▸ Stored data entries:
=== Section Start ===

(* Let $\mathcal{I}$ be a finite set of items and $\mathcal{D}$ a transaction database over $\mathcal{I}$. Let $t_o \in \mathcal{D}$ be a transaction with itemset $T_o \subseteq \mathcal{I}$, and let $\mathcal{D}^- = \mathcal{D} \setminus \{t_o\}$. Define the obsolete closed itemsets $\mathcal{C}_O(\mathcal{D}) = \mathcal{C}(\mathcal{D}) \setminus \mathcal{C}(\mathcal{D}^-)$ and the demoted closed itemsets $\mathcal{C}_D(\mathcal{D}) = \{c \in \mathcal{C}(\mathcal{D}) \cap \mathcal{C}(\mathcal{D}^-) \mid \sigma_{\mathcal{D}^-}(c) = \sigma_{\mathcal{D}}(c) - 1\}$. Then $$\Delta(\mathcal{D}, t_o) := \{T_o \cap c \mid c \in \mathcal{C}(\mathcal{D})\} = \mathcal{C}_O(\mathcal{D}) \cup \mathcal{C}_D(\mathcal{D}).$$
   Context: A transaction database $\mathcal{D}$ over a finite item set $\mathcal{I}$ is a finite set of transactions, each a pair $(j, Z)$ with $j$ a transaction identifier (tid, all tids distinct) and $Z \subseteq \mathcal{I}$ an itemset. For $X \subseteq \mathcal{I}$, its support set is $\tau_{\mathcal{D}}(X) = \{ j \mid (j,Z) \in \mathcal{D},\ X \subseteq Z\}$ and its support is $\sigma_{\mathcal{D}}(X) = |\tau_{\mathcal{D}}(X)|$. An itemset $X \subseteq \mathcal{I}$ is closed in $\mathcal{D}$ if no proper superset $Y \supsetneq X$ (with $Y \subseteq \mathcal{I}$) has $\sigma_{\mathcal{D}}(Y) = \sigma_{\mathcal{D}}(X)$; $\mathcal{C}(\mathcal{D})$ denotes the family of all closed itemsets of $\mathcal{D}$ (in particular $\mathcal{I}$ itself is always closed). *)

theory Defs
  imports Main
begin

definition trans_db :: "'i set \<Rightarrow> ('t \<times> 'i set) set \<Rightarrow> bool" where
  "trans_db I D \<longleftrightarrow> finite D \<and> (\<forall>(j,Z)\<in>D. Z \<subseteq> I) \<and>
     (\<forall>(j,Z)\<in>D. \<forall>(j',Z')\<in>D. j = j' \<longrightarrow> Z = Z')"

definition supp_set :: "('t \<times> 'i set) set \<Rightarrow> 'i set \<Rightarrow> 't set" where
  "supp_set D X = {j. \<exists>Z. (j, Z) \<in> D \<and> X \<subseteq> Z}"

definition supp :: "('t \<times> 'i set) set \<Rightarrow> 'i set \<Rightarrow> nat" where
  "supp D X = card (supp_set D X)"

definition is_closed :: "'i set \<Rightarrow> ('t \<times> 'i set) set \<Rightarrow> 'i set \<Rightarrow> bool" where
  "is_closed I D X \<longleftrightarrow> X \<subseteq> I \<and> \<not> (\<exists>Y. X \<subset> Y \<and> Y \<subseteq> I \<and> supp D Y = supp D X)"

definition closed_sets :: "'i set \<Rightarrow> ('t \<times> 'i set) set \<Rightarrow> 'i set set" where
  "closed_sets I D = {X. is_closed I D X}"

definition obsolete_closed :: "'i set \<Rightarrow> ('t \<times> 'i set) set \<Rightarrow> ('t \<times> 'i set) \<Rightarrow> 'i set set" where
  "obsolete_closed I D t = closed_sets I D - closed_sets I (D - {t})"

definition demoted_closed :: "'i set \<Rightarrow> ('t \<times> 'i set) set \<Rightarrow> ('t \<times> 'i set) \<Rightarrow> 'i set set" where
  "demoted_closed I D t = {c \<in> closed_sets I D \<inter> closed_sets I (D - {t}).
       int (supp (D - {t}) c) = int (supp D c) - 1}"

end

theory Submission
  imports Defs
begin

text \<open>Removing the transaction \<open>(j\<^sub>o, T\<^sub>o)\<close> deletes \<open>j\<^sub>o\<close> from exactly the support sets of the
  subsets of \<open>T\<^sub>o\<close> and leaves all other support sets unchanged. Hence a closed itemset not contained
  in \<open>T\<^sub>o\<close> stays closed with the same support, so every obsolete or demoted itemset lies in \<open>T\<^sub>o\<close>.
  Conversely, closed itemsets are stable under intersection and \<open>T\<^sub>o\<close> is closed, so \<open>T\<^sub>o \<inter> c\<close> is
  closed for closed \<open>c\<close>; its support drops by one, so it is demoted if it stays closed and
  obsolete otherwise.\<close>

lemma supp_set_antimono: "X \<subseteq> Y \<Longrightarrow> supp_set D Y \<subseteq> supp_set D X"
  unfolding supp_set_def by blast

lemma finite_supp_set:
  assumes "finite D"
  shows "finite (supp_set D X)"
proof (rule finite_subset)
  show "supp_set D X \<subseteq> fst ` D"
    unfolding supp_set_def by force
qed (use assms in blast)

lemma is_closed_iff_supp_set:
  assumes "finite D"
  shows "is_closed I D X \<longleftrightarrow>
           X \<subseteq> I \<and> (\<forall>Y. X \<subset> Y \<longrightarrow> Y \<subseteq> I \<longrightarrow> supp_set D Y \<noteq> supp_set D X)"
proof -
  have "supp D Y = supp D X \<longleftrightarrow> supp_set D Y = supp_set D X" if "X \<subseteq> Y" for Y
    unfolding supp_def
    using card_subset_eq[OF finite_supp_set[OF assms] supp_set_antimono[OF that]] by auto
  then show ?thesis
    unfolding is_closed_def by blast
qed

lemma trans_db_finite: "trans_db I D \<Longrightarrow> finite D"
  unfolding trans_db_def by blast

lemma trans_db_itemset_subset: "trans_db I D \<Longrightarrow> (j, T) \<in> D \<Longrightarrow> T \<subseteq> I"
  unfolding trans_db_def by blast

lemma trans_db_supp_set_Un:
  assumes "trans_db I D"
  shows "supp_set D (X \<union> Y) = supp_set D X \<inter> supp_set D Y"
  using assms unfolding trans_db_def supp_set_def by fast

lemma trans_db_mem_supp_set_iff:
  assumes "trans_db I D" "(j, T) \<in> D"
  shows "j \<in> supp_set D X \<longleftrightarrow> X \<subseteq> T"
  using assms unfolding trans_db_def supp_set_def by fast

lemma trans_db_supp_set_remove:
  assumes "trans_db I D" "(j, T) \<in> D"
  shows "supp_set (D - {(j, T)}) X = supp_set D X - {j}"
  using assms unfolding trans_db_def supp_set_def by fast

text \<open>The closure system is that of a Galois connection, so it is closed under intersection:
  a proper extension \<open>Z\<close> of \<open>X \<inter> Y\<close> with the same support would give \<open>X \<union> Z\<close> the support of \<open>X\<close>.\<close>

lemma is_closed_Int:
  assumes db: "trans_db I D" and X: "is_closed I D X" and Y: "is_closed I D Y"
  shows "is_closed I D (X \<inter> Y)"
proof -
  note closed_iff = is_closed_iff_supp_set[OF trans_db_finite[OF db]]
  have absorb: "Z \<subseteq> A"
    if A: "is_closed I D A" and "X \<inter> Y \<subseteq> A" "Z \<subseteq> I"
      and Z: "supp_set D Z = supp_set D (X \<inter> Y)" for A Z
  proof (rule ccontr)
    assume "\<not> Z \<subseteq> A"
    then have "A \<subset> A \<union> Z"
      by blast
    moreover have "A \<union> Z \<subseteq> I"
      using A \<open>Z \<subseteq> I\<close> unfolding is_closed_def by blast
    moreover have "supp_set D (A \<union> Z) = supp_set D A"
      unfolding trans_db_supp_set_Un[OF db] Z
      using supp_set_antimono[OF \<open>X \<inter> Y \<subseteq> A\<close>] by (rule Int_absorb2)
    ultimately show False
      using A unfolding closed_iff by blast
  qed
  show ?thesis
    unfolding closed_iff
  proof (intro conjI allI impI notI)
    show "X \<inter> Y \<subseteq> I"
      using X unfolding is_closed_def by blast
  next
    fix Z
    assume "X \<inter> Y \<subset> Z" "Z \<subseteq> I" and Z: "supp_set D Z = supp_set D (X \<inter> Y)"
    have "Z \<subseteq> X"
      using absorb[OF X _ \<open>Z \<subseteq> I\<close> Z] by blast
    moreover have "Z \<subseteq> Y"
      using absorb[OF Y _ \<open>Z \<subseteq> I\<close> Z] by blast
    ultimately show False
      using \<open>X \<inter> Y \<subset> Z\<close> by blast
  qed
qed

lemma is_closed_transaction:
  assumes db: "trans_db I D" and t: "(j, T) \<in> D"
  shows "is_closed I D T"
  unfolding is_closed_iff_supp_set[OF trans_db_finite[OF db]]
proof (intro conjI allI impI)
  show "T \<subseteq> I"
    using db t by (rule trans_db_itemset_subset)
  fix Y
  assume "T \<subset> Y"
  then have "j \<notin> supp_set D Y" "j \<in> supp_set D T"
    unfolding trans_db_mem_supp_set_iff[OF db t] by auto
  then show "supp_set D Y \<noteq> supp_set D T"
    by blast
qed

lemma supp_remove_transaction_subset:
  assumes db: "trans_db I D" and t: "(j, T) \<in> D" and "X \<subseteq> T"
  shows "int (supp (D - {(j, T)}) X) = int (supp D X) - 1"
proof -
  have j: "j \<in> supp_set D X"
    using trans_db_mem_supp_set_iff[OF db t] \<open>X \<subseteq> T\<close> by blast
  have "supp_set D X \<noteq> {}" "finite (supp_set D X)"
    using j finite_supp_set[OF trans_db_finite[OF db]] by auto
  then have "supp D X \<ge> 1"
    unfolding supp_def by (simp add: Suc_leI card_gt_0_iff)
  moreover have "supp (D - {(j, T)}) X = supp D X - 1"
    unfolding supp_def trans_db_supp_set_remove[OF db t] using j by (rule card_Diff_singleton)
  ultimately show ?thesis
    by simp
qed

lemma is_closed_remove_transaction_not_subset:
  assumes db: "trans_db I D" and t: "(j, T) \<in> D" and "\<not> X \<subseteq> T" and X: "is_closed I D X"
  shows "is_closed I (D - {(j, T)}) X" and "supp (D - {(j, T)}) X = supp D X"
proof -
  have same: "supp_set (D - {(j, T)}) Y = supp_set D Y" if "X \<subseteq> Y" for Y
  proof -
    have "j \<notin> supp_set D Y"
      unfolding trans_db_mem_supp_set_iff[OF db t] using \<open>\<not> X \<subseteq> T\<close> that by blast
    then show ?thesis
      unfolding trans_db_supp_set_remove[OF db t] by simp
  qed
  have fin: "finite D" "finite (D - {(j, T)})"
    using trans_db_finite[OF db] by simp_all
  show "is_closed I (D - {(j, T)}) X"
    using X unfolding is_closed_iff_supp_set[OF fin(1)] is_closed_iff_supp_set[OF fin(2)]
    by (simp add: same less_imp_le)
  show "supp (D - {(j, T)}) X = supp D X"
    unfolding supp_def by (simp add: same)
qed

theorem mainTheorem1:
  fixes I :: "'i set" and D :: "('t \<times> 'i set) set" and j\<^sub>o :: 't and T\<^sub>o :: "'i set"
  assumes "finite I"
    and "trans_db I D"
    and "(j\<^sub>o, T\<^sub>o) \<in> D"
  shows "{T\<^sub>o \<inter> c | c. c \<in> closed_sets I D}
         = obsolete_closed I D (j\<^sub>o, T\<^sub>o) \<union> demoted_closed I D (j\<^sub>o, T\<^sub>o)"
proof (intro equalityI subsetI)
  fix x
  assume "x \<in> {T\<^sub>o \<inter> c | c. c \<in> closed_sets I D}"
  then obtain c where x: "x = T\<^sub>o \<inter> c" and c: "is_closed I D c"
    unfolding closed_sets_def by blast
  have "is_closed I D x"
    unfolding x using assms(2) is_closed_transaction[OF assms(2,3)] c by (rule is_closed_Int)
  moreover have "int (supp (D - {(j\<^sub>o, T\<^sub>o)}) x) = int (supp D x) - 1"
    using assms(2,3) by (rule supp_remove_transaction_subset) (simp add: x)
  ultimately show "x \<in> obsolete_closed I D (j\<^sub>o, T\<^sub>o) \<union> demoted_closed I D (j\<^sub>o, T\<^sub>o)"
    unfolding obsolete_closed_def demoted_closed_def closed_sets_def by blast
next
  fix x
  assume x: "x \<in> obsolete_closed I D (j\<^sub>o, T\<^sub>o) \<union> demoted_closed I D (j\<^sub>o, T\<^sub>o)"
  then have closed: "is_closed I D x"
    and changed: "\<not> is_closed I (D - {(j\<^sub>o, T\<^sub>o)}) x \<or>
                  int (supp (D - {(j\<^sub>o, T\<^sub>o)}) x) = int (supp D x) - 1"
    unfolding obsolete_closed_def demoted_closed_def closed_sets_def by auto
  have "x \<subseteq> T\<^sub>o"
  proof (rule ccontr)
    assume "\<not> x \<subseteq> T\<^sub>o"
    from is_closed_remove_transaction_not_subset[OF assms(2,3) this closed] changed
    show False
      by simp
  qed
  then have "x = T\<^sub>o \<inter> x"
    by blast
  with closed show "x \<in> {T\<^sub>o \<inter> c | c. c \<in> closed_sets I D}"
    unfolding closed_sets_def by blast
qed

end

=== Section End ===

▸ ACTIVITY: The answer should be one number, the count of lines in the data that include the string "longleftrightarrow".

▸ EXERCISE RESPONSE: 5